It seems like all our devices are getting stronger, smarter, and more compact. In general, the trend is that devices have more features and take up less space.
Hearing aids are no exception, and it’s not surprising. The world’s population is getting older and hearing problems, though they can have many different causes, are more common among older people. According to the National Institutes of Health, around 37.5 million individuals and 3 million Canadians describe having trouble hearing, and since age is a stronger predictor of hearing loss than any other demographic variable, that number is likely to go up.
Of course, if you’re suffering from hearing loss, even one person with difficulty hearing, i.e. you, is one person too many. Are there any better ways to deal with hearing impairment? Let’s have them! Innovations are happening, here are some.
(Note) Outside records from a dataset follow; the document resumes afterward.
(* Let $\gamma_1,\dots,\gamma_u$ be real numbers, let $k_1<k_2<\cdots<k_t$ be positive integers, put $\underline{k}=\{k_1,\dots,k_t\}$, and let $m_0$ be a positive integer. Consider the pairs $(k,m)$ with $k\in\underline{k}$ and integers $m\ge m_0$, ordered as $(k_1,m_0),\dots,(k_t,m_0),(k_1,m_0+1),\dots,(k_t,m_0+1),(k_1,m_0+2),\dots$. Assume that for each such pair $(k,m)$ there exist a linear form $r(k,m)=h_0+\sum_{i=1}^u h_i\gamma_i$ with $h_i=h_i(k,m)\in\mathbb{Z}$ and a positive integer $Q_{k,m}$ such that \begin{align*} &c_1(k)Q_{k,m}\le\max_{1\le i\le u}|h_i|\le c_2(k)Q_{k,m},\\ &Q_{k_j,m}<Q_{k_{j+1},m}\le C_1(\underline{k})Q_{k_j,m}^{\theta(j)},\quad j=1,\dots,t-1,\\ &Q_{k_t,m}<Q_{k_1,m+1}\le C_1(\underline{k})Q_{k_t,m}^{\theta(t)},\\ &c_3(k)Q_{k,m}^{-\alpha(k)}\le|r(k,m)|\le c_4(k)Q_{k,m}^{-\beta(k)}, \end{align*} where $c_i(k)$ and $C_1(\underline{k})$ are positive constants depending only on $k$ and on $\underline{k}$ respectively, and $\theta(j)\ge1$, $\alpha(k_j)\ge\beta(k_j)>0$ are constants, all independent of $m$. Then there exist positive constants $Q_0=Q_0(\underline{k},m_0)$ and $C=C(\underline{k},m_0)$ such that for all rational numbers $p_1/q,\dots,p_u/q$ (with $p_i\in\mathbb{Z}$, $q\in\mathbb{Z}$) with $q\ge Q_0$, \[\max_{1\le i\le u}\left|\gamma_i-\frac{p_i}{q}\right|>Cq^{-\mu},\qquad\text{where }\mu=\max_{1\le j\le t}\theta(j)\frac{\alpha(k_{j+1})+1}{\beta(k_j)}\text{ and }\alpha(k_{t+1}):=\alpha(k_1).\] *)

theory Defs
  imports Complex_Main
begin

definition linform :: "nat \<Rightarrow> (nat \<Rightarrow> real) \<Rightarrow> (nat \<Rightarrow> int) \<Rightarrow> real" where
  "linform u \<gamma> h = real_of_int (h 0) + (\<Sum>i=1..u. real_of_int (h i) * \<gamma> i)"

definition nxt :: "nat \<Rightarrow> nat \<Rightarrow> nat" where
  "nxt t j = (if j = t then 1 else j + 1)"

end

theory Submission
  imports Defs
begin

text \<open>Run through the pairs (k, m) in the given order as one sequence of linear forms r_n with
  sizes Q_n. For a given q, take the first n with q |r_n| \<le> 1/2. Then q r_n is not close to any
  nonzero integer, so the integer q h_0 + \<Sum> h_i p_i is either far from q r_n or zero; in both
  cases max |\<gamma>_i - p_i/q| is bounded below in terms of Q_n and q. Minimality of n bounds Q_(n-1)
  by a power of q, and the growth condition transfers this bound to Q_n.\<close>

lemma approx_error_ge_linform:
  fixes \<gamma> :: "nat \<Rightarrow> real" and h p :: "nat \<Rightarrow> int" and q :: int and B L :: real
  assumes u: "u \<ge> 1" and q: "q > 0" and B: "B > 0"
    and h_le: "\<forall>i\<in>{1..u}. real_of_int \<bar>h i\<bar> \<le> B"
    and linform_ge: "L \<le> \<bar>linform u \<gamma> h\<bar>"
    and linform_small: "real_of_int q * \<bar>linform u \<gamma> h\<bar> \<le> 1/2"
  shows "min (1 / (2 * real u * B * real_of_int q)) (L / (real u * B))
           \<le> Max ((\<lambda>i. \<bar>\<gamma> i - real_of_int (p i) / real_of_int q\<bar>) ` {1..u})"
proof -
  define \<delta> where "\<delta> = Max ((\<lambda>i. \<bar>\<gamma> i - real_of_int (p i) / real_of_int q\<bar>) ` {1..u})"
  define N where "N = h 0 * q + (\<Sum>i=1..u. h i * p i)"
  have qr: "real_of_int q > 0" using q by simp
  have term_le: "\<bar>real_of_int (h i) * (real_of_int q * \<gamma> i - real_of_int (p i))\<bar> \<le> B * (real_of_int q * \<delta>)"
    if i: "i \<in> {1..u}" for i
  proof -
    have "\<bar>real_of_int q * \<gamma> i - real_of_int (p i)\<bar> = real_of_int q * \<bar>\<gamma> i - real_of_int (p i) / real_of_int q\<bar>"
      using qr by (simp add: field_simps abs_mult[symmetric])
    also have "\<dots> \<le> real_of_int q * \<delta>"
      using i qr unfolding \<delta>_def by (intro mult_left_mono Max_ge) auto
    finally show ?thesis
      unfolding abs_mult using h_le i by (intro mult_mono) auto
  qed
  have "real_of_int q * linform u \<gamma> h - real_of_int N
          = (\<Sum>i=1..u. real_of_int (h i) * (real_of_int q * \<gamma> i - real_of_int (p i)))"
    unfolding linform_def N_def by (simp add: algebra_simps sum_distrib_left sum_subtractf)
  then have "\<bar>real_of_int q * linform u \<gamma> h - real_of_int N\<bar>
               \<le> (\<Sum>i=1..u. \<bar>real_of_int (h i) * (real_of_int q * \<gamma> i - real_of_int (p i))\<bar>)"
    by (simp only: sum_abs)
  also have "\<dots> \<le> (\<Sum>i=1..u. B * (real_of_int q * \<delta>))"
    by (intro sum_mono term_le)
  finally have dist_le: "\<bar>real_of_int q * linform u \<gamma> h - real_of_int N\<bar> \<le> real u * B * real_of_int q * \<delta>"
    by simp
  have uB: "real u * B > 0" using u B by simp
  show ?thesis
  proof (cases "N = 0")
    case True
    then have "real_of_int q * L \<le> real_of_int q * (real u * B * \<delta>)"
      using dist_le linform_ge qr by (simp add: abs_mult mult_ac)
    then have "L / (real u * B) \<le> \<delta>"
      using qr uB by (simp add: divide_simps mult_ac)
    then show ?thesis unfolding \<delta>_def by simp
  next
    case False
    then have "1 \<le> \<bar>real_of_int N\<bar>" by linarith
    moreover have "\<bar>real_of_int q * linform u \<gamma> h\<bar> \<le> 1/2"
      using linform_small qr by (simp add: abs_mult)
    ultimately have "1/2 \<le> \<bar>real_of_int q * linform u \<gamma> h - real_of_int N\<bar>"
      by linarith
    then have "1 \<le> 2 * real u * B * real_of_int q * \<delta>"
      using dist_le by linarith
    moreover have "0 < 2 * real u * B * real_of_int q" using u B qr by simp
    ultimately have "1 / (2 * real u * B * real_of_int q) \<le> \<delta>"
      by (simp add: divide_le_eq mult.commute)
    then show ?thesis unfolding \<delta>_def by simp
  qed
qed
Whole-Body Tracking Through Your Hearing Aids
This one seems as if it should be obvious. Health and fitness trackers have to be worn on the body. So do you really need a device on your wrist if you already have one in your ear? Nope! If you have the latest hearing aid, it probably can keep track of your pulse, physical activity along with fixing hearing problems such as tinnitus. Hearing aids also have the ability to monitor things that other wearables usually don’t, like the time spent conversing. Particularly as you age your level of social engagement can actually be an important health metric.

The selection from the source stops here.